▸ Materials provided

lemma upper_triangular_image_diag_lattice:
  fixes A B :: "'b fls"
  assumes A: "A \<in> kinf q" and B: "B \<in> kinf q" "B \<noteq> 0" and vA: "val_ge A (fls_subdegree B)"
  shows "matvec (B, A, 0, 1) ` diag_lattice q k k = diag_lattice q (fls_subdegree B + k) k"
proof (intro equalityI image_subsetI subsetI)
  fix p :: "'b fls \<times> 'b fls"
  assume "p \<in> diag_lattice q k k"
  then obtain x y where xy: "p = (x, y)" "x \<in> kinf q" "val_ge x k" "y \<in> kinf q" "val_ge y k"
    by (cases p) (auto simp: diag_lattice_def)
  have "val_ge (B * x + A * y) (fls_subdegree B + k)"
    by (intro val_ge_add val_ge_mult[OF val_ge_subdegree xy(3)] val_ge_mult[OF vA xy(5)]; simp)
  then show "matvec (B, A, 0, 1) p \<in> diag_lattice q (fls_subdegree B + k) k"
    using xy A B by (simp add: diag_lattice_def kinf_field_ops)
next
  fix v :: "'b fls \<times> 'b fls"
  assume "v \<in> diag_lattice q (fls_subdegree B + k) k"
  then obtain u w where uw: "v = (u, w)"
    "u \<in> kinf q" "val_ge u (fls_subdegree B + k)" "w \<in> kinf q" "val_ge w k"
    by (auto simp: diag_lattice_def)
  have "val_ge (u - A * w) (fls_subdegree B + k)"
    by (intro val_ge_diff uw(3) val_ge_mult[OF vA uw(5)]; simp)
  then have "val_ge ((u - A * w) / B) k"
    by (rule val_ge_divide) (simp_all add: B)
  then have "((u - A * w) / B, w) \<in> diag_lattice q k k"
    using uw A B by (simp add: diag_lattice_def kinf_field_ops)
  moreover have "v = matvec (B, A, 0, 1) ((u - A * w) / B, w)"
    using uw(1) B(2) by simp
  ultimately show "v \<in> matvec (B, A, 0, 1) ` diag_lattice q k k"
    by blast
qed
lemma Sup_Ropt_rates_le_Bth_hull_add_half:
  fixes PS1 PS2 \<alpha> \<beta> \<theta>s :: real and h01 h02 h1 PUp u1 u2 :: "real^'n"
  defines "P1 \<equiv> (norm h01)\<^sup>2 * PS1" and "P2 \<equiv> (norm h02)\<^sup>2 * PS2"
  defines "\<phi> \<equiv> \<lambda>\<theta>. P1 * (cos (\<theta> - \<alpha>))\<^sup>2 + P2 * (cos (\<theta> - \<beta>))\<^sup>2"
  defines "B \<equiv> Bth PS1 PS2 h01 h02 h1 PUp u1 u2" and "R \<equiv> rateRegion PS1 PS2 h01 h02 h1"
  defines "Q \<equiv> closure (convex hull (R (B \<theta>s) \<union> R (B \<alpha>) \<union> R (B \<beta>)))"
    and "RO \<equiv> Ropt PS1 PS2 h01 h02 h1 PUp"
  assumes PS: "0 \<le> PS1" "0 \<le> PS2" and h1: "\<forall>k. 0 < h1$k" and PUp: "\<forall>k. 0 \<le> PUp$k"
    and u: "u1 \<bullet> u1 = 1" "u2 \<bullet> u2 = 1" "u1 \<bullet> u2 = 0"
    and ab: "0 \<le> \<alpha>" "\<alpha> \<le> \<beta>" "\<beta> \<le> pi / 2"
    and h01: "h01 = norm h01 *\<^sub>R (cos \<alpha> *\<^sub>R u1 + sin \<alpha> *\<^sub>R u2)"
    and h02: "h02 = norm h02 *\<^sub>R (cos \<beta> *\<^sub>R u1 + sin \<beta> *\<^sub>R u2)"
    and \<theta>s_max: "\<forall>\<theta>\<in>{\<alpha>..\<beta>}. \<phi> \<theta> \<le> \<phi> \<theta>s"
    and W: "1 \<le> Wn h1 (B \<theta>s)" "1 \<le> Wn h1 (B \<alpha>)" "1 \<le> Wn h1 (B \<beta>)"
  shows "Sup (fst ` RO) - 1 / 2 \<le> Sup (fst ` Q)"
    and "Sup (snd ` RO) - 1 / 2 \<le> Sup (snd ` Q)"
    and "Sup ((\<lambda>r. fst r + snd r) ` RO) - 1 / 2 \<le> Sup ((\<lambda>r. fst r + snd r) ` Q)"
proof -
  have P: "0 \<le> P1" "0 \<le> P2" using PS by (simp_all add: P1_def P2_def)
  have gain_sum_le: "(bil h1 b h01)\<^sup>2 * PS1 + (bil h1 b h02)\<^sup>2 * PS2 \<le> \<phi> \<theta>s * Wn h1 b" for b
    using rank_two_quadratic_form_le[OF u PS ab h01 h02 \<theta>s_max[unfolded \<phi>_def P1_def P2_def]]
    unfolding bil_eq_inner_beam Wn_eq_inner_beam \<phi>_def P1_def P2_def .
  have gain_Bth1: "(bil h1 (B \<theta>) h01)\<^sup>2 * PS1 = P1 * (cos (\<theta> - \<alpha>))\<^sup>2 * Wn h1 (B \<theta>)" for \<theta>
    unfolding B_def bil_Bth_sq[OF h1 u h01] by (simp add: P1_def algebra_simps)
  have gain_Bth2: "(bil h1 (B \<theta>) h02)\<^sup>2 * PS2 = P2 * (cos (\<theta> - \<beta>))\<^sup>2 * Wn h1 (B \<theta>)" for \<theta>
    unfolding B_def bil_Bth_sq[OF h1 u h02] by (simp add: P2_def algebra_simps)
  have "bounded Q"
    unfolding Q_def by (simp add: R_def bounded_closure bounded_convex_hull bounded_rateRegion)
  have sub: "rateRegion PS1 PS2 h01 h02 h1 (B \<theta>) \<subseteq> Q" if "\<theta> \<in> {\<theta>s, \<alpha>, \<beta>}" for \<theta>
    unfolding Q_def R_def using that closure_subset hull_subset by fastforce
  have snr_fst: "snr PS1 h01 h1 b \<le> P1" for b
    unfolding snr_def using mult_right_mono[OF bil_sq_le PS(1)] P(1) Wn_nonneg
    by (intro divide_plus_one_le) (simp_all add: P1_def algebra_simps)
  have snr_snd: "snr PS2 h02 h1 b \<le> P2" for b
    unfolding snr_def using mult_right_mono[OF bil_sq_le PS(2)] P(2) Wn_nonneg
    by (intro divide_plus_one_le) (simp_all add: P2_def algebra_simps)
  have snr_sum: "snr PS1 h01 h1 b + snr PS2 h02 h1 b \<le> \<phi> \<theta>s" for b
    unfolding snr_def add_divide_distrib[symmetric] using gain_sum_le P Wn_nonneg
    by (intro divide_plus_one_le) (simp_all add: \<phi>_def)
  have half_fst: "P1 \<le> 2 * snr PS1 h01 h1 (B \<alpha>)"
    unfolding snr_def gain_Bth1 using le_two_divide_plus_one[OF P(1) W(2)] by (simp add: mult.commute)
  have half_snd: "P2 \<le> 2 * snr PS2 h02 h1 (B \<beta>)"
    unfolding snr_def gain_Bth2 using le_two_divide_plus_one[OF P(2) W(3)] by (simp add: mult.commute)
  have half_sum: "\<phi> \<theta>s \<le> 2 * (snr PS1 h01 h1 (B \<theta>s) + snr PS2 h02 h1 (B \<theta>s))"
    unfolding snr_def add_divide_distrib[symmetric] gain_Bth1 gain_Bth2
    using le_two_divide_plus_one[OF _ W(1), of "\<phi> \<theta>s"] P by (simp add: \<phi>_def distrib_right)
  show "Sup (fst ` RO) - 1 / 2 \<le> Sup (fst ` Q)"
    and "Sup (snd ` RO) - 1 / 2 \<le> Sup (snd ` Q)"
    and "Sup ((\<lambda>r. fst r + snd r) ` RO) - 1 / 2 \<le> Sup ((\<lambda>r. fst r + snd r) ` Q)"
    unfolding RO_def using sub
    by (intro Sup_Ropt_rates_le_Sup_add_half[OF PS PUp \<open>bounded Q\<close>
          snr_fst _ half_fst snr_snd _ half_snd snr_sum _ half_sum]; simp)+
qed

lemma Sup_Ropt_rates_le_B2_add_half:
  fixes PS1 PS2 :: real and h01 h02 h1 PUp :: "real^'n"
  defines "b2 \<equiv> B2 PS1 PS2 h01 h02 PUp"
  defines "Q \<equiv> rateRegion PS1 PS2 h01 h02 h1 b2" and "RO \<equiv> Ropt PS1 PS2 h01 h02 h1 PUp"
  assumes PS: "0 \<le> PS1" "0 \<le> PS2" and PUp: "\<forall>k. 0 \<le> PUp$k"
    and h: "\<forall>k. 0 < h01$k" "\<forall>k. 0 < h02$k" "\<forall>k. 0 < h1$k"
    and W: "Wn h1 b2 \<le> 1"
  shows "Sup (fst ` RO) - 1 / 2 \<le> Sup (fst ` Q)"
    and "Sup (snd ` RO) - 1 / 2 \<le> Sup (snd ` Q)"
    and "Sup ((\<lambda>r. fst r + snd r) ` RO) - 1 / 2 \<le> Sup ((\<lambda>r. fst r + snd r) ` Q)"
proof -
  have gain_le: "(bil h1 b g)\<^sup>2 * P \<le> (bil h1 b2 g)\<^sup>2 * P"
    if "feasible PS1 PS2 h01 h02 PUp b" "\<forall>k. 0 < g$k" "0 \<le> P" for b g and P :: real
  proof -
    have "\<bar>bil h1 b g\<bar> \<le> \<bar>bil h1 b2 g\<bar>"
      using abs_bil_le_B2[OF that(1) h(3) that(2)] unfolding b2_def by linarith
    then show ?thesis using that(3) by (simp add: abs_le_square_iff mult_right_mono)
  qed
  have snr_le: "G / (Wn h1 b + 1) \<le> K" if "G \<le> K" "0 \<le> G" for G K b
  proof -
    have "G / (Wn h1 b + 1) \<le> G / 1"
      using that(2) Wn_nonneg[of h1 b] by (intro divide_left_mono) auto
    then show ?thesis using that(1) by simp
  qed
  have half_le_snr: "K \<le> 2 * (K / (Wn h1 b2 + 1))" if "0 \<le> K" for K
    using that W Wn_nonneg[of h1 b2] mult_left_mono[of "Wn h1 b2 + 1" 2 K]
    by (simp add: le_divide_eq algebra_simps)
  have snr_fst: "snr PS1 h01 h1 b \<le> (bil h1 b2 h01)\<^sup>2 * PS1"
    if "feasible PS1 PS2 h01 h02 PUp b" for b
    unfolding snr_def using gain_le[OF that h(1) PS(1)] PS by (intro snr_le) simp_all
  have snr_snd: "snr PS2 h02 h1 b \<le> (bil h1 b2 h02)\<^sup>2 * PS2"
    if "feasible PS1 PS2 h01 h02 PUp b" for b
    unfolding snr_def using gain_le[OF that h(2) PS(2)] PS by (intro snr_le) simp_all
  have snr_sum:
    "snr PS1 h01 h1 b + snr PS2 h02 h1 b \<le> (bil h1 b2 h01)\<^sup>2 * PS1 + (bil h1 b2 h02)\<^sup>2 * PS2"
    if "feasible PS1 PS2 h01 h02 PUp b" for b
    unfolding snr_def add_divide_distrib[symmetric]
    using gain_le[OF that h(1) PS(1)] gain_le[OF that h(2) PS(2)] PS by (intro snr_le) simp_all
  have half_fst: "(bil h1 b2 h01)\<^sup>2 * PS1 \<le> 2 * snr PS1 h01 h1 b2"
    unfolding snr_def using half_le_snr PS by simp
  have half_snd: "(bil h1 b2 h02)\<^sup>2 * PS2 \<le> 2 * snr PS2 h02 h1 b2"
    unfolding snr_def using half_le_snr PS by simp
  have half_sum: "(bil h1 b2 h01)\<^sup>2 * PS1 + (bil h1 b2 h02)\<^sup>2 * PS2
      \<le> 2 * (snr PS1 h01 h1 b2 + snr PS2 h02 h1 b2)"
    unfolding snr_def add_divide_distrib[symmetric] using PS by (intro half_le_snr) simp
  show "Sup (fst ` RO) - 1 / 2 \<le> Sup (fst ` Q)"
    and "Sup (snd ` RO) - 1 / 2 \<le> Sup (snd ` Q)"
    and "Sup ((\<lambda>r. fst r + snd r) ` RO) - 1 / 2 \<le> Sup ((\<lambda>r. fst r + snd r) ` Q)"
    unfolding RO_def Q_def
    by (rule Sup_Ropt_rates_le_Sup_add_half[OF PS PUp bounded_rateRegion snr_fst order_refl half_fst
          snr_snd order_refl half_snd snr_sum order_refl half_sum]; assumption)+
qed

▸ What is expected
Where a line of the data contains "symmetric", copy that line.

▸ Exercise solution
    unfolding snr_def add_divide_distrib[symmetric] using gain_sum_le P Wn_nonneg
    unfolding snr_def add_divide_distrib[symmetric] gain_Bth1 gain_Bth2
    unfolding snr_def add_divide_distrib[symmetric]
    unfolding snr_def add_divide_distrib[symmetric] using PS by (intro half_le_snr) simp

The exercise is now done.